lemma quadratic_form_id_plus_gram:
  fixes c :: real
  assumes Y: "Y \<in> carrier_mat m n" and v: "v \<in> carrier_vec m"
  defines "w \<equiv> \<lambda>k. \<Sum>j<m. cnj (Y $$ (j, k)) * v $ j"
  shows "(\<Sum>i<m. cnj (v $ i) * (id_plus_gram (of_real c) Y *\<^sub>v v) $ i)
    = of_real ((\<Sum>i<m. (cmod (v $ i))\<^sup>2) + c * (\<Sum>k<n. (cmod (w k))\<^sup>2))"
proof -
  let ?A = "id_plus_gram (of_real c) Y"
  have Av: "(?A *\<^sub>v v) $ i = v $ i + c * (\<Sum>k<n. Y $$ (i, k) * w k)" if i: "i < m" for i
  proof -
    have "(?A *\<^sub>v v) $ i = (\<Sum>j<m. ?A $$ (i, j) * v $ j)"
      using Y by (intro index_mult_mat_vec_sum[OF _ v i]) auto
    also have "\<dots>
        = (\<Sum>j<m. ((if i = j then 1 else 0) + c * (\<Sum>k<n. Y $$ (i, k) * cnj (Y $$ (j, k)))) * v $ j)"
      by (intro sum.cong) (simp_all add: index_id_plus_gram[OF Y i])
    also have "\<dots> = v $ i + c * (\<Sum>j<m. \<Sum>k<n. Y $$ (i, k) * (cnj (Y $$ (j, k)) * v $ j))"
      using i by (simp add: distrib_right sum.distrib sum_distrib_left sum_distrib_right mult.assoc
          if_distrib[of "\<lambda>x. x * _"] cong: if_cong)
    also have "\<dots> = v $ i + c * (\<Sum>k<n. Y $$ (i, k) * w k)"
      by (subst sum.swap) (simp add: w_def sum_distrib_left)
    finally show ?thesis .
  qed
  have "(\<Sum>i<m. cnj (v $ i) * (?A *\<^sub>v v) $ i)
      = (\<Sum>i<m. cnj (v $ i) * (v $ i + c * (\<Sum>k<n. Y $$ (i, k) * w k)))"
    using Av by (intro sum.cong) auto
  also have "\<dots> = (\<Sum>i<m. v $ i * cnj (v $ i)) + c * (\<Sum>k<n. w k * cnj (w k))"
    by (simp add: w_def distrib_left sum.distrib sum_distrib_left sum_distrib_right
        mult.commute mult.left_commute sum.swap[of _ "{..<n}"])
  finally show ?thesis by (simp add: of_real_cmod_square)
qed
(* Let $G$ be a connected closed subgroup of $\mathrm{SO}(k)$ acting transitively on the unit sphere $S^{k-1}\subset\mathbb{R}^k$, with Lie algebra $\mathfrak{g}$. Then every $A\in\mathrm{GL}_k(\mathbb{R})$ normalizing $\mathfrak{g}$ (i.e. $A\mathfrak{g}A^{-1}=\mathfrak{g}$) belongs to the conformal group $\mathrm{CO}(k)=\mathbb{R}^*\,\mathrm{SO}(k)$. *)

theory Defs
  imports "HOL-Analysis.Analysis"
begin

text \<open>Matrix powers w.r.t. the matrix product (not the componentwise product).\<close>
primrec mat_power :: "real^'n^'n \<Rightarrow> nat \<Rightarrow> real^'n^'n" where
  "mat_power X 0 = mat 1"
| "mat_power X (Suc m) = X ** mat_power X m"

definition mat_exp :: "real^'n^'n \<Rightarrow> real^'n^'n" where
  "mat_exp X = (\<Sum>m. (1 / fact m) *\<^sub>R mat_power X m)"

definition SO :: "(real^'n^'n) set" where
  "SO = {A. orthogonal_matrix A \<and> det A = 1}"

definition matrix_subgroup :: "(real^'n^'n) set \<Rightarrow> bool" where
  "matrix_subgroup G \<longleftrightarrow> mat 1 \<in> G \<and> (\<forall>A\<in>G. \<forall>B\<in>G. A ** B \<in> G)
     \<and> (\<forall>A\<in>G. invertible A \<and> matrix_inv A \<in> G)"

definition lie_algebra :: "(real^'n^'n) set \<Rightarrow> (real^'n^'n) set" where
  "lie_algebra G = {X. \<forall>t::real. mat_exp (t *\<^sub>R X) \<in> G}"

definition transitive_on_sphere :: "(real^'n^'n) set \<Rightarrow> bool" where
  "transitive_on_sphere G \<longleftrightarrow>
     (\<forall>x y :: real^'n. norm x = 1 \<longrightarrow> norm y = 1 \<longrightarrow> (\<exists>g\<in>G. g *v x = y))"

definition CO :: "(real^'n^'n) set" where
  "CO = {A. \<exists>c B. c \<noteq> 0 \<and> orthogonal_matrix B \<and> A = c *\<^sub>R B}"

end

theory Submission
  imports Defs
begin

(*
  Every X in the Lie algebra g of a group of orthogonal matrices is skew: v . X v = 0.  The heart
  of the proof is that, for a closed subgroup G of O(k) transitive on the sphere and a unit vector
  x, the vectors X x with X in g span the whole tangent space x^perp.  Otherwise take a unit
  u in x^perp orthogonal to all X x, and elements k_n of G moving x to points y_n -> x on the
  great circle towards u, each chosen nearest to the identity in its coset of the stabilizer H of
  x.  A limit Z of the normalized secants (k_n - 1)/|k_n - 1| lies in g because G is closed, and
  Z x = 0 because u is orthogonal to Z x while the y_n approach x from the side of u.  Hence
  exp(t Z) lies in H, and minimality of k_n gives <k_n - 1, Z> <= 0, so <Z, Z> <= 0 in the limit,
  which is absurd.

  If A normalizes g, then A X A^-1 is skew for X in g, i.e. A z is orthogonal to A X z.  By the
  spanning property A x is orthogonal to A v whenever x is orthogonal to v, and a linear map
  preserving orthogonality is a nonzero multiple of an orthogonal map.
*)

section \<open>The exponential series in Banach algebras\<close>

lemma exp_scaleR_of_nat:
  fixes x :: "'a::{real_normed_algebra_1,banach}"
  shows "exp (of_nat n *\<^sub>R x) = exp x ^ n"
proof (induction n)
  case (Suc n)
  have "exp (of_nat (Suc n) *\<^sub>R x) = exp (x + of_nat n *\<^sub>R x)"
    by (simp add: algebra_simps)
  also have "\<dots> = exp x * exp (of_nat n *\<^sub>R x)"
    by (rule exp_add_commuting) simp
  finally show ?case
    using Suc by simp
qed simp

§ Assignment:
Word for word, restate the material above.

§ Answer to this problem:
lemma quadratic_form_id_plus_gram:
  fixes c :: real
  assumes Y: "Y \<in> carrier_mat m n" and v: "v \<in> carrier_vec m"
  defines "w \<equiv> \<lambda>k. \<Sum>j<m. cnj (Y $$ (j, k)) * v $ j"
  shows "(\<Sum>i<m. cnj (v $ i) * (id_plus_gram (of_real c) Y *\<^sub>v v) $ i)
    = of_real ((\<Sum>i<m. (cmod (v $ i))\<^sup>2) + c * (\<Sum>k<n. (cmod (w k))\<^sup>2))"
proof -
  let ?A = "id_plus_gram (of_real c) Y"
  have Av: "(?A *\<^sub>v v) $ i = v $ i + c * (\<Sum>k<n. Y $$ (i, k) * w k)" if i: "i < m" for i
  proof -
    have "(?A *\<^sub>v v) $ i = (\<Sum>j<m. ?A $$ (i, j) * v $ j)"
      using Y by (intro index_mult_mat_vec_sum[OF _ v i]) auto
    also have "\<dots>
        = (\<Sum>j<m. ((if i = j then 1 else 0) + c * (\<Sum>k<n. Y $$ (i, k) * cnj (Y $$ (j, k)))) * v $ j)"
      by (intro sum.cong) (simp_all add: index_id_plus_gram[OF Y i])
    also have "\<dots> = v $ i + c * (\<Sum>j<m. \<Sum>k<n. Y $$ (i, k) * (cnj (Y $$ (j, k)) * v $ j))"
      using i by (simp add: distrib_right sum.distrib sum_distrib_left sum_distrib_right mult.assoc
          if_distrib[of "\<lambda>x. x * _"] cong: if_cong)
    also have "\<dots> = v $ i + c * (\<Sum>k<n. Y $$ (i, k) * w k)"
      by (subst sum.swap) (simp add: w_def sum_distrib_left)
    finally show ?thesis .
  qed
  have "(\<Sum>i<m. cnj (v $ i) * (?A *\<^sub>v v) $ i)
      = (\<Sum>i<m. cnj (v $ i) * (v $ i + c * (\<Sum>k<n. Y $$ (i, k) * w k)))"
    using Av by (intro sum.cong) auto
  also have "\<dots> = (\<Sum>i<m. v $ i * cnj (v $ i)) + c * (\<Sum>k<n. w k * cnj (w k))"
    by (simp add: w_def distrib_left sum.distrib sum_distrib_left sum_distrib_right
        mult.commute mult.left_commute sum.swap[of _ "{..<n}"])
  finally show ?thesis by (simp add: of_real_cmod_square)
qed
(* Let $G$ be a connected closed subgroup of $\mathrm{SO}(k)$ acting transitively on the unit sphere $S^{k-1}\subset\mathbb{R}^k$, with Lie algebra $\mathfrak{g}$. Then every $A\in\mathrm{GL}_k(\mathbb{R})$ normalizing $\mathfrak{g}$ (i.e. $A\mathfrak{g}A^{-1}=\mathfrak{g}$) belongs to the conformal group $\mathrm{CO}(k)=\mathbb{R}^*\,\mathrm{SO}(k)$. *)

theory Defs
  imports "HOL-Analysis.Analysis"
begin

text \<open>Matrix powers w.r.t. the matrix product (not the componentwise product).\<close>
primrec mat_power :: "real^'n^'n \<Rightarrow> nat \<Rightarrow> real^'n^'n" where
  "mat_power X 0 = mat 1"
| "mat_power X (Suc m) = X ** mat_power X m"

definition mat_exp :: "real^'n^'n \<Rightarrow> real^'n^'n" where
  "mat_exp X = (\<Sum>m. (1 / fact m) *\<^sub>R mat_power X m)"

definition SO :: "(real^'n^'n) set" where
  "SO = {A. orthogonal_matrix A \<and> det A = 1}"

definition matrix_subgroup :: "(real^'n^'n) set \<Rightarrow> bool" where
  "matrix_subgroup G \<longleftrightarrow> mat 1 \<in> G \<and> (\<forall>A\<in>G. \<forall>B\<in>G. A ** B \<in> G)
     \<and> (\<forall>A\<in>G. invertible A \<and> matrix_inv A \<in> G)"

definition lie_algebra :: "(real^'n^'n) set \<Rightarrow> (real^'n^'n) set" where
  "lie_algebra G = {X. \<forall>t::real. mat_exp (t *\<^sub>R X) \<in> G}"

definition transitive_on_sphere :: "(real^'n^'n) set \<Rightarrow> bool" where
  "transitive_on_sphere G \<longleftrightarrow>
     (\<forall>x y :: real^'n. norm x = 1 \<longrightarrow> norm y = 1 \<longrightarrow> (\<exists>g\<in>G. g *v x = y))"

definition CO :: "(real^'n^'n) set" where
  "CO = {A. \<exists>c B. c \<noteq> 0 \<and> orthogonal_matrix B \<and> A = c *\<^sub>R B}"

end

theory Submission
  imports Defs
begin

(*
  Every X in the Lie algebra g of a group of orthogonal matrices is skew: v . X v = 0.  The heart
  of the proof is that, for a closed subgroup G of O(k) transitive on the sphere and a unit vector
  x, the vectors X x with X in g span the whole tangent space x^perp.  Otherwise take a unit
  u in x^perp orthogonal to all X x, and elements k_n of G moving x to points y_n -> x on the
  great circle towards u, each chosen nearest to the identity in its coset of the stabilizer H of
  x.  A limit Z of the normalized secants (k_n - 1)/|k_n - 1| lies in g because G is closed, and
  Z x = 0 because u is orthogonal to Z x while the y_n approach x from the side of u.  Hence
  exp(t Z) lies in H, and minimality of k_n gives <k_n - 1, Z> <= 0, so <Z, Z> <= 0 in the limit,
  which is absurd.

  If A normalizes g, then A X A^-1 is skew for X in g, i.e. A z is orthogonal to A X z.  By the
  spanning property A x is orthogonal to A v whenever x is orthogonal to v, and a linear map
  preserving orthogonality is a nonzero multiple of an orthogonal map.
*)

section \<open>The exponential series in Banach algebras\<close>

lemma exp_scaleR_of_nat:
  fixes x :: "'a::{real_normed_algebra_1,banach}"
  shows "exp (of_nat n *\<^sub>R x) = exp x ^ n"
proof (induction n)
  case (Suc n)
  have "exp (of_nat (Suc n) *\<^sub>R x) = exp (x + of_nat n *\<^sub>R x)"
    by (simp add: algebra_simps)
  also have "\<dots> = exp x * exp (of_nat n *\<^sub>R x)"
    by (rule exp_add_commuting) simp
  finally show ?case
    using Suc by simp
qed simp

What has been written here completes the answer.